[Activity]: Below is some data. Retype exactly the lines starting at the one with "m) = weight_below" and ending at the one with "n (reweight p".

[Working data]:
(* For any $0<p<\frac{1}{2}$ and any confidence threshold $0<\delta<\frac{1}{2}$, there exists an adaptive noisy binary search algorithm for any linear order of $n$ elements that, after $$\frac{1}{I(p)}\left(\log_2 n+\mathcal{O}\big(\sqrt{\log n\log \delta^{-1}}\big)+\mathcal{O}(\log\delta^{-1})\right)$$ queries, returns the target correctly with probability at least $1-\delta$, for every choice of the target.
   Context: Noisy binary search model: the search space is a linear order $\{1,\dots,n\}$ containing an unknown target $v^*$, fixed in advance by an adversary who knows the algorithm. In each step the algorithm chooses an element $q$ and asks a comparison query, whose correct answer is "$<$" if $v^*<q$ and "$>$" otherwise. Each answer is, independently, incorrect (the opposite answer) with probability $p$ and correct with probability $1-p$. The algorithm is adaptive. $H(p)=-p\log_2 p-(1-p)\log_2(1-p)$ and $I(p)=1-H(p)$. *)

theory Defs
  imports "HOL-Probability.Probability"
begin

definition H :: "real \<Rightarrow> real" where
  "H p = - p * log 2 p - (1 - p) * log 2 (1 - p)"

definition I :: "real \<Rightarrow> real" where
  "I p = 1 - H p"

text \<open>A deterministic adaptive algorithm is a decision tree: an inner node asks the
comparison query at element q; the left subtree is followed on answer "<",
the right subtree on answer ">".\<close>
datatype qtree = Leaf nat | Query nat qtree qtree

fun depth :: "qtree \<Rightarrow> nat" where
  "depth (Leaf x) = 0"
| "depth (Query q l r) = Suc (max (depth l) (depth r))"

fun succ_prob :: "real \<Rightarrow> nat \<Rightarrow> qtree \<Rightarrow> real" where
  "succ_prob p v (Leaf x) = (if x = v then 1 else 0)"
| "succ_prob p v (Query q l r) =
     (if v < q then (1 - p) * succ_prob p v l + p * succ_prob p v r
      else p * succ_prob p v l + (1 - p) * succ_prob p v r)"

text \<open>A randomized adaptive algorithm is a probability distribution over decision trees.\<close>
definition rand_succ_prob :: "real \<Rightarrow> nat \<Rightarrow> qtree pmf \<Rightarrow> real" where
  "rand_succ_prob p v D = measure_pmf.expectation D (\<lambda>T. succ_prob p v T)"

end

theory Submission
  imports Defs
begin

text \<open>
  The algorithm keeps the unnormalised posterior weights w of the candidates, starting from
  the uniform prior, and queries at the weighted median m; a biased coin chooses between the
  queries m and m + 1 so that, for every candidate v, the expected weight of the side of the
  query containing v is at most half of the total weight plus w v.
  For a fixed target v consider its posterior odds t = (W - w v) / w v. A noisy answer
  multiplies the odds on the far side of the query by p / (1 - p) or (1 - p) / p, and
  concavity of x powr l (0 < l \<le> 1) turns the balance property into
  E[t' powr l] \<le> g(l) * t powr l with g(l) \<le> exp (- l * ln 2 * I p + l^2 * (ln p)^2).
  A wrong output forces t \<ge> 1, so after k queries the error probability is at most
  g(l)^k * n powr l. Choosing l of order sqrt (ln (1/\<delta>) / ln n), capped by a constant
  depending on p, yields the stated number of queries.
\<close>

section \<open>Weights and the weighted median\<close>

definition total_weight :: "nat \<Rightarrow> (nat \<Rightarrow> real) \<Rightarrow> real" where
  "total_weight n w = (\<Sum>u\<in>{1..n}. w u)"

definition weight_below :: "nat \<Rightarrow> (nat \<Rightarrow> real) \<Rightarrow> nat \<Rightarrow> real" where
  "weight_below n w q = (\<Sum>u\<in>{u\<in>{1..n}. u < q}. w u)"

definition weighted_median :: "nat \<Rightarrow> (nat \<Rightarrow> real) \<Rightarrow> nat" where
  "weighted_median n w = (LEAST m. total_weight n w \<le> 2 * weight_below n w (Suc m))"

text \<open>Unnormalised posterior after the answer b to the query q, where b = True encodes the
  answer "<".\<close>
definition reweight :: "real \<Rightarrow> (nat \<Rightarrow> real) \<Rightarrow> nat \<Rightarrow> bool \<Rightarrow> nat \<Rightarrow> real" where
  "reweight p w q b = (\<lambda>u. (if (u < q) = b then 1 - p else p) * w u)"

lemma total_weight_minus_weight_below:
  "total_weight n w - weight_below n w q = (\<Sum>u\<in>{u\<in>{1..n}. \<not> u < q}. w u)"
  unfolding total_weight_def weight_below_def
  using sum.Int_Diff[of "{1..n}" w "{u. u < q}"] by (simp add: Int_def set_diff_eq)

lemma weight_below_Suc:
  assumes "1 \<le> m" "m \<le> n"
  shows "weight_below n w (Suc m) = weight_below n w m + w m"
proof -
  have "{u\<in>{1..n}. u < Suc m} = insert m {u\<in>{1..n}. u < m}" using assms by auto
  then show ?thesis unfolding weight_below_def by simp
qed

lemma total_weight_reweight:
  "total_weight n (reweight p w q b) =
     (if b then 1 - p else p) * weight_below n w q
     + (if b then p else 1 - p) * (total_weight n w - weight_below n w q)"
proof -
  define c where "c = (if b then 1 - p else p)"
  define c' where "c' = (if b then p else 1 - p)"
  have "reweight p w q b = (\<lambda>u. if u < q then c * w u else c' * w u)"
    by (auto simp: reweight_def c_def c'_def)
  then show ?thesis
    unfolding total_weight_minus_weight_below c_def[symmetric] c'_def[symmetric]
    unfolding total_weight_def weight_below_def
    by (simp add: sum.If_cases sum_distrib_left Int_def Collect_neg_eq[symmetric])
qed

lemma weighted_median_bounds:
  assumes "1 \<le> n" "\<forall>u\<in>{1..n}. 0 < w u"
  defines "m \<equiv> weighted_median n w"
  shows "1 \<le> m" "m \<le> n" "2 * weight_below n w m \<le> total_weight n w"
    "2 * (total_weight n w - weight_below n w (Suc m)) \<le> total_weight n w"
proof -
  let ?P = "\<lambda>m. total_weight n w \<le> 2 * weight_below n w (Suc m)"
  have m_Least: "m = (LEAST m. ?P m)" unfolding m_def weighted_median_def ..
  have total_pos: "0 < total_weight n w"
    unfolding total_weight_def using assms(1,2) by (intro sum_pos) auto
  have "weight_below n w (Suc n) = total_weight n w"
    unfolding weight_below_def total_weight_def by (intro sum.cong) auto
  then have "?P n" using total_pos by simp
  then have "m \<le> n" and Pm: "?P m"
    unfolding m_Least by (auto intro: Least_le LeastI)
  then show "m \<le> n" by simp
  from Pm show "2 * (total_weight n w - weight_below n w (Suc m)) \<le> total_weight n w"
    by simp
  have "weight_below n w (Suc 0) = 0" unfolding weight_below_def by (auto intro: sum.neutral)
  then have "m \<noteq> 0" using Pm total_pos by (metis linorder_not_le mult_zero_right)
  then show "1 \<le> m" by simp
  have "\<not> ?P (m - 1)" unfolding m_Least using \<open>m \<noteq> 0\<close> m_Least by (intro not_less_Least) auto
  then show "2 * weight_below n w m \<le> total_weight n w"
    using \<open>m \<noteq> 0\<close> by simp
qed

section \<open>The search algorithm\<close>

text \<open>The probability of asking Suc m rather than m, for the weighted median m. It makes the
  expected weight of the side of the query containing any v \<noteq> m exactly half of the total
  (see median_coin_balances).\<close>
definition median_coin :: "nat \<Rightarrow> (nat \<Rightarrow> real) \<Rightarrow> real" where
  "median_coin n w =
     (let m = weighted_median n w; A = weight_below n w m; B = total_weight n w - A - w m
      in (B - A + w m) / (2 * w m))"

definition median_query :: "nat \<Rightarrow> (nat \<Rightarrow> real) \<Rightarrow> bool \<Rightarrow> nat" where
  "median_query n w b = (if b then Suc (weighted_median n w) else weighted_median n w)"

definition query_pmf :: "nat \<Rightarrow> qtree pmf \<Rightarrow> qtree pmf \<Rightarrow> qtree pmf" where
  "query_pmf q L R = L \<bind> (\<lambda>l. R \<bind> (\<lambda>r. return_pmf (Query q l r)))"

fun bayes_search :: "real \<Rightarrow> nat \<Rightarrow> nat \<Rightarrow> (nat \<Rightarrow> real) \<Rightarrow> qtree pmf" where
  "bayes_search p n 0 w = return_pmf (Leaf (weighted_median n w))"
| "bayes_search p n (Suc k) w = bernoulli_pmf (median_coin n w) \<bind> (\<lambda>b.
     query_pmf (median_query n w b)
       (bayes_search p n k (reweight p w (median_query n w b) True))
       (bayes_search p n k (reweight p w (median_query n w b) False)))"

lemma set_pmf_query_pmf:
  "set_pmf (query_pmf q L R) = (\<Union>l\<in>set_pmf L. \<Union>r\<in>set_pmf R. {Query q l r})"
  by (simp add: query_pmf_def set_bind_pmf)

lemma depth_bayes_search: "T \<in> set_pmf (bayes_search p n k w) \<Longrightarrow> depth T = k"
  by (induction k arbitrary: w T) (auto simp: set_pmf_query_pmf set_bind_pmf)

lemma finite_set_pmf_bayes_search: "finite (set_pmf (bayes_search p n k w))"
  by (induction k arbitrary: w) (auto simp: set_pmf_query_pmf set_bind_pmf)

lemma expectation_bind_pmf_finite:
  fixes h :: "'b \<Rightarrow> real"
  assumes "finite (set_pmf M)" "\<And>x. x \<in> set_pmf M \<Longrightarrow> finite (set_pmf (f x))"
  shows "measure_pmf.expectation (M \<bind> f) h =
           measure_pmf.expectation M (\<lambda>x. measure_pmf.expectation (f x) h)"
  using assms
  by (simp add: pmf_expectation_bind[of "set_pmf M"] integral_measure_pmf[of "set_pmf M"])

lemma rand_succ_prob_query_pmf:
  assumes "finite (set_pmf L)" "finite (set_pmf R)"
  shows "rand_succ_prob p v (query_pmf q L R) =
    (if v < q then (1 - p) * rand_succ_prob p v L + p * rand_succ_prob p v R
     else p * rand_succ_prob p v L + (1 - p) * rand_succ_prob p v R)"
proof -
  define a where "a = (if v < q then 1 - p else p)"
  define b where "b = (if v < q then p else 1 - p)"
  have succ_prob_Query:
    "succ_prob p v (Query q l r) = a * succ_prob p v l + b * succ_prob p v r" for l r
    by (simp add: a_def b_def)
  have "rand_succ_prob p v (query_pmf q L R) =
      measure_pmf.expectation L (\<lambda>l. measure_pmf.expectation R
        (\<lambda>r. a * succ_prob p v l + b * succ_prob p v r))"
    using assms unfolding rand_succ_prob_def query_pmf_def
    by (simp add: expectation_bind_pmf_finite set_bind_pmf succ_prob_Query del: succ_prob.simps)
  also have "\<dots> = a * rand_succ_prob p v L + b * rand_succ_prob p v R"
    using assms unfolding rand_succ_prob_def
    by (simp add: integrable_measure_pmf_finite)
  finally show ?thesis by (simp add: a_def b_def)
qed

definition query_success :: "real \<Rightarrow> nat \<Rightarrow> nat \<Rightarrow> nat \<Rightarrow> (nat \<Rightarrow> real) \<Rightarrow> nat \<Rightarrow> real" where
  "query_success p n k v w q =
     (1 - p) * rand_succ_prob p v (bayes_search p n k (reweight p w q (v < q)))
     + p * rand_succ_prob p v (bayes_search p n k (reweight p w q (\<not> v < q)))"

[Finished task]:
  shows "weight_below n w (Suc m) = weight_below n w m + w m"
proof -
  have "{u\<in>{1..n}. u < Suc m} = insert m {u\<in>{1..n}. u < m}" using assms by auto
  then show ?thesis unfolding weight_below_def by simp
qed

lemma total_weight_reweight:
  "total_weight n (reweight p w q b) =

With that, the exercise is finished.